DeepVariant is an analysis pipeline that uses a deep neural network to call genetic variants from next-generation DNA sequencing data.
DeepVariant is a suite of Python/C++ programs that run on any Unix-like operating system. For convenience the documentation refers to building and running DeepVariant on Google Cloud Platform, but the tools themselves can be built and run on any standard Linux computer, including on-premise machines. Note that DeepVariant currently requires Python 2.7 and does not yet work with Python 3.
Pre-built binaries are available at gs://deepvariant/. These are compiled to use SSE4 and AVX instructions, so you'll need a CPU (such as Intel Sandy Bridge) that supports them. (The file /proc/cpuinfo lists these features under "flags".)
Alternatively, see Building and testing DeepVariant for more information on building DeepVariant from sources for your platform.
For managed pipeline execution of DeepVariant see the cost- and speed-optimized, Docker-based pipelines created for Google Cloud Platform.
- DeepVariant release notes
- Building and testing DeepVariant
- DeepVariant quick start
- DeepVariant via Docker
- DeepVariant whole genome case study
- DeepVariant exome case study
- DeepVariant Genomic VCF (gVCF) support
- DeepVariant usage guide
- DeepVariant model training
- Datalab example: visualizing pileup images/tensors
- Getting Started with GCP (It is not required to run DeepVariant on GCP.)
For technical details describing how DeepVariant works please see our preprint.
Briefly, we started with some of the reference genomes from Genome in a Bottle, for which there is high-quality ground truth available (or the closest approximation currently possible). Using multiple replicates of these genomes, we produced approximately one hundred million training examples in the form of multi-channel tensors encoding the sequencing instrument data, and then trained a TensorFlow-based image classification model (inception-v3) to assign genotype likelihoods from the experimental data produced by the instrument. Read additional information on the Google Research blog.
Under the hood, DeepVariant relies on Nucleus, a library of Python and C++ code for reading and writing data in common genomics file formats (like SAM and VCF) designed for painless integration with the TensorFlow machine learning framework.
We are delighted to see several external evaluations of the DeepVariant method.
The 2016 PrecisionFDA Truth Challenge, administered by the FDA, assessed several community-submitted variant callsets on the (at the time) blinded evaluation sample, HG002. DeepVariant won the Highest SNP Performance award in the challenge.
DNAnexus posted an extensive evaluation of several variant calling methods, including DeepVariant, using a variety of read sets from HG001, HG002, and HG005. They have also evaluated DeepVariant under a variety of noisy sequencing conditions.

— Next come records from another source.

(* Let $T$ be a $k$-tree and $C$ a $k$-clique of $T$. Then $$k+\frac{\log_2 N(T;C)}{2}\le \mu(T;C)\le \frac{N(T;C)+2k-1}{2}.$$ The lower bound holds with equality if and only if $T$ is a $k$-star and $C$ is its base $k$-clique. If $T$ has at least $k+1$ vertices, the upper bound holds with equality if and only if $T$ is a path-type $k$-tree and $C$ is simplicial.
   Context: A $k$-tree is defined recursively: $K_k$ is a $k$-tree, and if $T$ is a $k$-tree then so is the graph obtained by joining a new vertex to all vertices of some $k$-clique of $T$; there are no others. A sub-$k$-tree is a subgraph that is itself a $k$-tree. $N(T;C)$ is the number of sub-$k$-trees containing $C$ and $\mu(T;C)$ is their average number of vertices. A $k$-star is a $k$-tree consisting of a $k$-clique (its base $k$-clique) together with some number $m\ge 0$ of further pairwise non-adjacent vertices each joined to all vertices of the base (for $m=1$, any $k$-clique of $K_{k+1}$ may serve as base). A $k$-leaf is a vertex lying in exactly one $(k+1)$-clique; a simplicial $k$-clique is one containing a $k$-leaf. A path-type $k$-tree is a $k$-tree that is $K_k$, $K_{k+1}$, or has exactly two $k$-leaves. *)

theory Defs
  imports Complex_Main
begin

text \<open>Simple graphs are given by a vertex set V and an edge set E of 2-element vertex sets.\<close>

definition isClique :: "'a set set \<Rightarrow> 'a set \<Rightarrow> bool" where
  "isClique E S \<longleftrightarrow> (\<forall>x\<in>S. \<forall>y\<in>S. x \<noteq> y \<longrightarrow> {x, y} \<in> E)"

definition completeEdges :: "'a set \<Rightarrow> 'a set set" where
  "completeEdges V = {e. \<exists>x y. x \<in> V \<and> y \<in> V \<and> x \<noteq> y \<and> e = {x, y}}"

inductive kTree :: "nat \<Rightarrow> 'a set \<Rightarrow> 'a set set \<Rightarrow> bool" for k :: nat where
  base: "finite V \<Longrightarrow> card V = k \<Longrightarrow> kTree k V (completeEdges V)"
| step: "kTree k V E \<Longrightarrow> C \<subseteq> V \<Longrightarrow> card C = k \<Longrightarrow> isClique E C \<Longrightarrow> v \<notin> V
          \<Longrightarrow> kTree k (insert v V) (E \<union> {{v, c} | c. c \<in> C})"

definition kClique :: "nat \<Rightarrow> 'a set \<Rightarrow> 'a set set \<Rightarrow> 'a set \<Rightarrow> bool" where
  "kClique k V E C \<longleftrightarrow> C \<subseteq> V \<and> finite C \<and> card C = k \<and> isClique E C"

definition subKTrees :: "nat \<Rightarrow> 'a set \<Rightarrow> 'a set set \<Rightarrow> 'a set \<Rightarrow> ('a set \<times> 'a set set) set" where
  "subKTrees k V E C = {(V', E'). V' \<subseteq> V \<and> E' \<subseteq> E \<and> kTree k V' E' \<and> C \<subseteq> V'}"

definition Ncount :: "nat \<Rightarrow> 'a set \<Rightarrow> 'a set set \<Rightarrow> 'a set \<Rightarrow> nat" where
  "Ncount k V E C = card (subKTrees k V E C)"

definition mu :: "nat \<Rightarrow> 'a set \<Rightarrow> 'a set set \<Rightarrow> 'a set \<Rightarrow> real" where
  "mu k V E C = (\<Sum>S\<in>subKTrees k V E C. real (card (fst S))) / real (Ncount k V E C)"

definition kStarBase :: "nat \<Rightarrow> 'a set \<Rightarrow> 'a set set \<Rightarrow> 'a set \<Rightarrow> bool" where
  "kStarBase k V E B \<longleftrightarrow> kTree k V E \<and> kClique k V E B
     \<and> (\<forall>x\<in>V - B. \<forall>y\<in>B. {x, y} \<in> E)
     \<and> (\<forall>x\<in>V - B. \<forall>y\<in>V - B. x \<noteq> y \<longrightarrow> {x, y} \<notin> E)"

definition kLeaf :: "nat \<Rightarrow> 'a set \<Rightarrow> 'a set set \<Rightarrow> 'a \<Rightarrow> bool" where
  "kLeaf k V E v \<longleftrightarrow> v \<in> V \<and> card {S. kClique (k + 1) V E S \<and> v \<in> S} = 1"

definition simplicial :: "nat \<Rightarrow> 'a set \<Rightarrow> 'a set set \<Rightarrow> 'a set \<Rightarrow> bool" where
  "simplicial k V E C \<longleftrightarrow> kClique k V E C \<and> (\<exists>v\<in>C. kLeaf k V E v)"

definition pathType :: "nat \<Rightarrow> 'a set \<Rightarrow> 'a set set \<Rightarrow> bool" where
  "pathType k V E \<longleftrightarrow> kTree k V E \<and>
     (card V = k \<or> card V = k + 1 \<or> card {v. kLeaf k V E v} = 2)"

end

theory Submission
  imports Defs
begin
section \<open>Excess of set families and set lattices\<close>

definition excess :: "'a set \<Rightarrow> 'a set set \<Rightarrow> real" where
  "excess B F = (\<Sum>A\<in>F. real (card (A - B)))"

definition set_lattice :: "'a set \<Rightarrow> 'a set set \<Rightarrow> bool" where
  "set_lattice B F \<longleftrightarrow> finite F \<and> B \<in> F \<and> (\<forall>A\<in>F. finite A \<and> B \<subseteq> A)
     \<and> (\<forall>X\<in>F. \<forall>Y\<in>F. X \<union> Y \<in> F \<and> X \<inter> Y \<in> F)"

lemma set_lattice_extend:
  assumes F: "set_lattice B F" and v: "\<forall>A\<in>F. v \<notin> A"
  shows "set_lattice B (F \<union> insert v ` {A \<in> F. D \<subseteq> A})"
proof -
  let ?G = "F \<union> insert v ` {A \<in> F. D \<subseteq> A}"
  have G: "X \<in> ?G \<longleftrightarrow> X - {v} \<in> F \<and> (v \<in> X \<longrightarrow> D \<subseteq> X - {v})" for X
  proof
    assume "X \<in> ?G"
    then show "X - {v} \<in> F \<and> (v \<in> X \<longrightarrow> D \<subseteq> X - {v})"
      using v by (auto simp: insert_Diff_if)
  next
    assume X: "X - {v} \<in> F \<and> (v \<in> X \<longrightarrow> D \<subseteq> X - {v})"
    show "X \<in> ?G"
    proof (cases "v \<in> X")
      case True
      then have "X = insert v (X - {v})" by auto
      moreover have "X - {v} \<in> {A \<in> F. D \<subseteq> A}" using X True by simp
      ultimately have "X \<in> insert v ` {A \<in> F. D \<subseteq> A}" by (rule image_eqI)
      then show ?thesis by (rule UnI2)
    qed (use X in auto)
  qed
  have "X \<union> Y \<in> ?G \<and> X \<inter> Y \<in> ?G" if "X \<in> ?G" "Y \<in> ?G" for X Y
  proof -
    have "(X - {v}) \<union> (Y - {v}) \<in> F" "(X - {v}) \<inter> (Y - {v}) \<in> F"
      using F that unfolding G set_lattice_def by auto
    moreover have "(X \<union> Y) - {v} = (X - {v}) \<union> (Y - {v})" "(X \<inter> Y) - {v} = (X - {v}) \<inter> (Y - {v})"
      by auto
    ultimately show ?thesis using that unfolding G by auto
  qed
  then show ?thesis using F v unfolding set_lattice_def by auto
qed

The Genomics team in Google Brain actively supports DeepVariant and are always interested in improving the quality of DeepVariant. If you run into an issue, please report the problem on our Issue tracker. Make sure to add enough detail to your report that we can reproduce the problem and fix it. We encourage including links to snippets of BAM/VCF/etc. files that provoke the bug, if possible. Depending on the severity of the issue we may patch DeepVariant immediately with the fix or roll it into the next release.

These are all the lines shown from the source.